(* Let $G=H\oplus_3 K$ be a proper $3$-sum of $2$-connected cubic graphs $H$ and $K$ with distinguished vertices $u\in V(H)$ and $v\in V(K)$, where $\pi(H)\ge 5$, $K$ is $3$-edge-colourable, and $u$ is an apex of $H$. If $\pi(G)\ge 5$, then $K$ is quasi-bipartite and has a bipartising set $U$ such that $\{v\}$ is a component of $K-U$ (i.e. $v$ forms a trivial component of the quasi-partite set of $K$).
   Context: Graphs are finite; loops and multiple edges are allowed. The perfect matching index $\pi(G)$ of a bridgeless cubic graph is the smallest number of perfect matchings whose union is $E(G)$. A $3$-sum $H\oplus_3 K$ with distinguished vertices $u,v$ deletes $u$ and $v$ and joins the three dangling edge-ends formerly at $u$ bijectively to the three formerly at $v$; it is proper if neither $H$ nor $K$ is the $3$-dipole (two vertices joined by three parallel edges) and neither $u$ nor $v$ is incident with a pair of parallel edges. For a vertex $w$ of a $2$-connected cubic graph $X$ with no $3$-edge-colouring, $X^w$ denotes the graph obtained by inflating $w$ to a triangle (deleting $w$, adding a triangle on new vertices, attaching the three edge-ends formerly at $w$ to its three distinct vertices), and $w$ is an apex of $X$ if $\pi(X^w)=4$. A $2$-connected cubic graph $K$ is quasi-bipartite if it has an independent vertex set $U$ with $|U|\ge 2$ such that contracting each component of $K-U$ to a vertex yields a bipartite cubic graph (possibly with multiple edges) with partite sets $U$ and the set of contracted vertices; $U$ is a bipartising set and the components of $K-U$ form the quasi-partite set. *)

theory Defs
  imports Main "HOL-Library.Multiset"
begin

text \<open>Finite multigraphs (loops and parallel edges allowed): every edge has a
  multiset of exactly two ends (a loop has the same end twice).\<close>

record ('v, 'e) mgraph =
  verts :: "'v set"
  edges :: "'e set"
  ends  :: "'e \<Rightarrow> 'v multiset"

definition wf_graph :: "('v, 'e) mgraph \<Rightarrow> bool" where
  "wf_graph G \<longleftrightarrow> finite (verts G) \<and> finite (edges G) \<and>
     (\<forall>e\<in>edges G. size (ends G e) = 2 \<and> set_mset (ends G e) \<subseteq> verts G)"

definition at :: "('v, 'e) mgraph \<Rightarrow> 'v \<Rightarrow> 'e set" where
  "at G x = {e \<in> edges G. x \<in># ends G e}"

text \<open>Degree: a loop counts twice.\<close>
definition deg :: "('v, 'e) mgraph \<Rightarrow> 'v \<Rightarrow> nat" where
  "deg G x = (\<Sum>e\<in>edges G. count (ends G e) x)"

definition cubic :: "('v, 'e) mgraph \<Rightarrow> bool" where
  "cubic G \<longleftrightarrow> wf_graph G \<and> verts G \<noteq> {} \<and> (\<forall>x\<in>verts G. deg G x = 3)"

definition adj :: "('v, 'e) mgraph \<Rightarrow> 'v \<Rightarrow> 'v \<Rightarrow> bool" where
  "adj G x y \<longleftrightarrow> (\<exists>e\<in>edges G. ends G e = {#x, y#})"

definition reach :: "('v, 'e) mgraph \<Rightarrow> 'v \<Rightarrow> 'v \<Rightarrow> bool" where
  "reach G = (adj G)\<^sup>*\<^sup>*"

definition connected :: "('v, 'e) mgraph \<Rightarrow> bool" where
  "connected G \<longleftrightarrow> verts G \<noteq> {} \<and> (\<forall>x\<in>verts G. \<forall>y\<in>verts G. reach G x y)"

definition del_edge :: "('v, 'e) mgraph \<Rightarrow> 'e \<Rightarrow> ('v, 'e) mgraph" where
  "del_edge G e = G\<lparr>edges := edges G - {e}\<rparr>"

definition del_verts :: "('v, 'e) mgraph \<Rightarrow> 'v set \<Rightarrow> ('v, 'e) mgraph" where
  "del_verts G U = \<lparr>verts = verts G - U,
                    edges = {e \<in> edges G. set_mset (ends G e) \<inter> U = {}},
                    ends = ends G\<rparr>"

definition two_connected :: "('v, 'e) mgraph \<Rightarrow> bool" where
  "two_connected G \<longleftrightarrow> connected G \<and> card (verts G) \<ge> 2 \<and>
     (\<forall>x\<in>verts G. connected (del_verts G {x})) \<and>
     (\<forall>e\<in>edges G. connected (del_edge G e))"

definition dipole3 :: "('v, 'e) mgraph \<Rightarrow> bool" where
  "dipole3 G \<longleftrightarrow> (\<exists>a b. a \<noteq> b \<and> verts G = {a, b} \<and> card (edges G) = 3 \<and>
                     (\<forall>e\<in>edges G. ends G e = {#a, b#}))"

definition incident_parallel :: "('v, 'e) mgraph \<Rightarrow> 'v \<Rightarrow> bool" where
  "incident_parallel G x \<longleftrightarrow>
     (\<exists>e1\<in>edges G. \<exists>e2\<in>edges G. e1 \<noteq> e2 \<and> x \<in># ends G e1 \<and> ends G e1 = ends G e2)"

definition other :: "('v, 'e) mgraph \<Rightarrow> 'v \<Rightarrow> 'e \<Rightarrow> 'v" where
  "other G x e = (THE y. ends G e = {#x, y#})"

definition perfect_matching :: "('v, 'e) mgraph \<Rightarrow> 'e set \<Rightarrow> bool" where
  "perfect_matching G M \<longleftrightarrow> M \<subseteq> edges G \<and>
     (\<forall>e\<in>M. \<forall>x. count (ends G e) x \<le> 1) \<and>
     (\<forall>x\<in>verts G. card {e \<in> M. x \<in># ends G e} = 1)"

definition pm_index :: "('v, 'e) mgraph \<Rightarrow> nat" where
  "pm_index G = (LEAST k. \<exists>Ms. length Ms = k \<and> (\<forall>M\<in>set Ms. perfect_matching G M) \<and>
                               \<Union>(set Ms) = edges G)"

definition colourable3 :: "('v, 'e) mgraph \<Rightarrow> bool" where
  "colourable3 G \<longleftrightarrow> (\<exists>c :: 'e \<Rightarrow> nat.
      (\<forall>e\<in>edges G. c e < 3) \<and>
      (\<forall>e\<in>edges G. \<forall>x. count (ends G e) x \<le> 1) \<and>
      (\<forall>e\<in>edges G. \<forall>e'\<in>edges G. e \<noteq> e' \<and> (\<exists>x. x \<in># ends G e \<and> x \<in># ends G e')
          \<longrightarrow> c e \<noteq> c e'))"

text \<open>3-sum H \<oplus>_3 K at u, v: the bijection phi maps the edges at u to the edges at v;
  the edge e at u and phi e at v are joined into a single edge (represented by Inl e)
  between the other end of e in H and the other end of phi e in K.\<close>
definition sum3 :: "('v, 'e) mgraph \<Rightarrow> ('w, 'f) mgraph \<Rightarrow> 'v \<Rightarrow> 'w \<Rightarrow> ('e \<Rightarrow> 'f)
                     \<Rightarrow> ('v + 'w, 'e + 'f) mgraph" where
  "sum3 H K u v phi =
     \<lparr>verts = Inl ` (verts H - {u}) \<union> Inr ` (verts K - {v}),
      edges = Inl ` edges H \<union> Inr ` {f \<in> edges K. v \<notin># ends K f},
      ends = (\<lambda>d. case d of
                Inl e \<Rightarrow> (if u \<in># ends H e
                          then {# Inl (other H u e), Inr (other K v (phi e)) #}
                          else image_mset Inl (ends H e))
              | Inr f \<Rightarrow> image_mset Inr (ends K f))\<rparr>"

text \<open>X^w: inflate w to a triangle. The new vertex Inr e carries the edge-end of e
  formerly at w; triangle edges are Inr {e1,e2}.\<close>
definition inflate :: "('v, 'e) mgraph \<Rightarrow> 'v \<Rightarrow> ('v + 'e, 'e + 'e set) mgraph" where
  "inflate X w =
     \<lparr>verts = Inl ` (verts X - {w}) \<union> Inr ` at X w,
      edges = Inl ` edges X \<union> Inr ` {{e1, e2} | e1 e2. e1 \<in> at X w \<and> e2 \<in> at X w \<and> e1 \<noteq> e2},
      ends = (\<lambda>d. case d of
                Inl e \<Rightarrow> (if w \<in># ends X e
                          then {# Inl (other X w e), Inr e #}
                          else image_mset Inl (ends X e))
              | Inr s \<Rightarrow> image_mset Inr (mset_set s))\<rparr>"

definition apex :: "('v, 'e) mgraph \<Rightarrow> 'v \<Rightarrow> bool" where
  "apex X w \<longleftrightarrow> cubic X \<and> two_connected X \<and> \<not> colourable3 X \<and> w \<in> verts X \<and>
                pm_index (inflate X w) = 4"

definition comp_of :: "('v, 'e) mgraph \<Rightarrow> 'v \<Rightarrow> 'v set" where
  "comp_of G x = {y \<in> verts G. reach G x y}"

definition comps :: "('v, 'e) mgraph \<Rightarrow> 'v set set" where
  "comps G = comp_of G ` verts G"

definition independent :: "('v, 'e) mgraph \<Rightarrow> 'v set \<Rightarrow> bool" where
  "independent G U \<longleftrightarrow> U \<subseteq> verts G \<and> (\<forall>e\<in>edges G. \<not> set_mset (ends G e) \<subseteq> U)"

definition contract :: "('v, 'e) mgraph \<Rightarrow> 'v set \<Rightarrow> ('v + 'v set, 'e) mgraph" where
  "contract K U =
     \<lparr>verts = Inl ` U \<union> Inr ` comps (del_verts K U),
      edges = {e \<in> edges K. \<not> (\<exists>C\<in>comps (del_verts K U). set_mset (ends K e) \<subseteq> C)},
      ends = (\<lambda>e. image_mset (\<lambda>x. if x \<in> U then Inl x else Inr (comp_of (del_verts K U) x))
                              (ends K e))\<rparr>"

definition bipartising_set :: "('v, 'e) mgraph \<Rightarrow> 'v set \<Rightarrow> bool" where
  "bipartising_set K U \<longleftrightarrow> independent K U \<and> card U \<ge> 2 \<and>
     cubic (contract K U) \<and>
     (\<forall>e\<in>edges (contract K U). \<exists>a\<in>U. \<exists>C\<in>comps (del_verts K U).
         ends (contract K U) e = {# Inl a, Inr C #})"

++++++++

_DIRECTIONS_. An exact copy of the lines above between the line holding "G U \<longleftrightarrow>" and the line holding "U \<union> Inr", inclusive, is the whole answer.

_TASK SOLUTION_.
  "independent G U \<longleftrightarrow> U \<subseteq> verts G \<and> (\<forall>e\<in>edges G. \<not> set_mset (ends G e) \<subseteq> U)"

definition contract :: "('v, 'e) mgraph \<Rightarrow> 'v set \<Rightarrow> ('v + 'v set, 'e) mgraph" where
  "contract K U =
     \<lparr>verts = Inl ` U \<union> Inr ` comps (del_verts K U),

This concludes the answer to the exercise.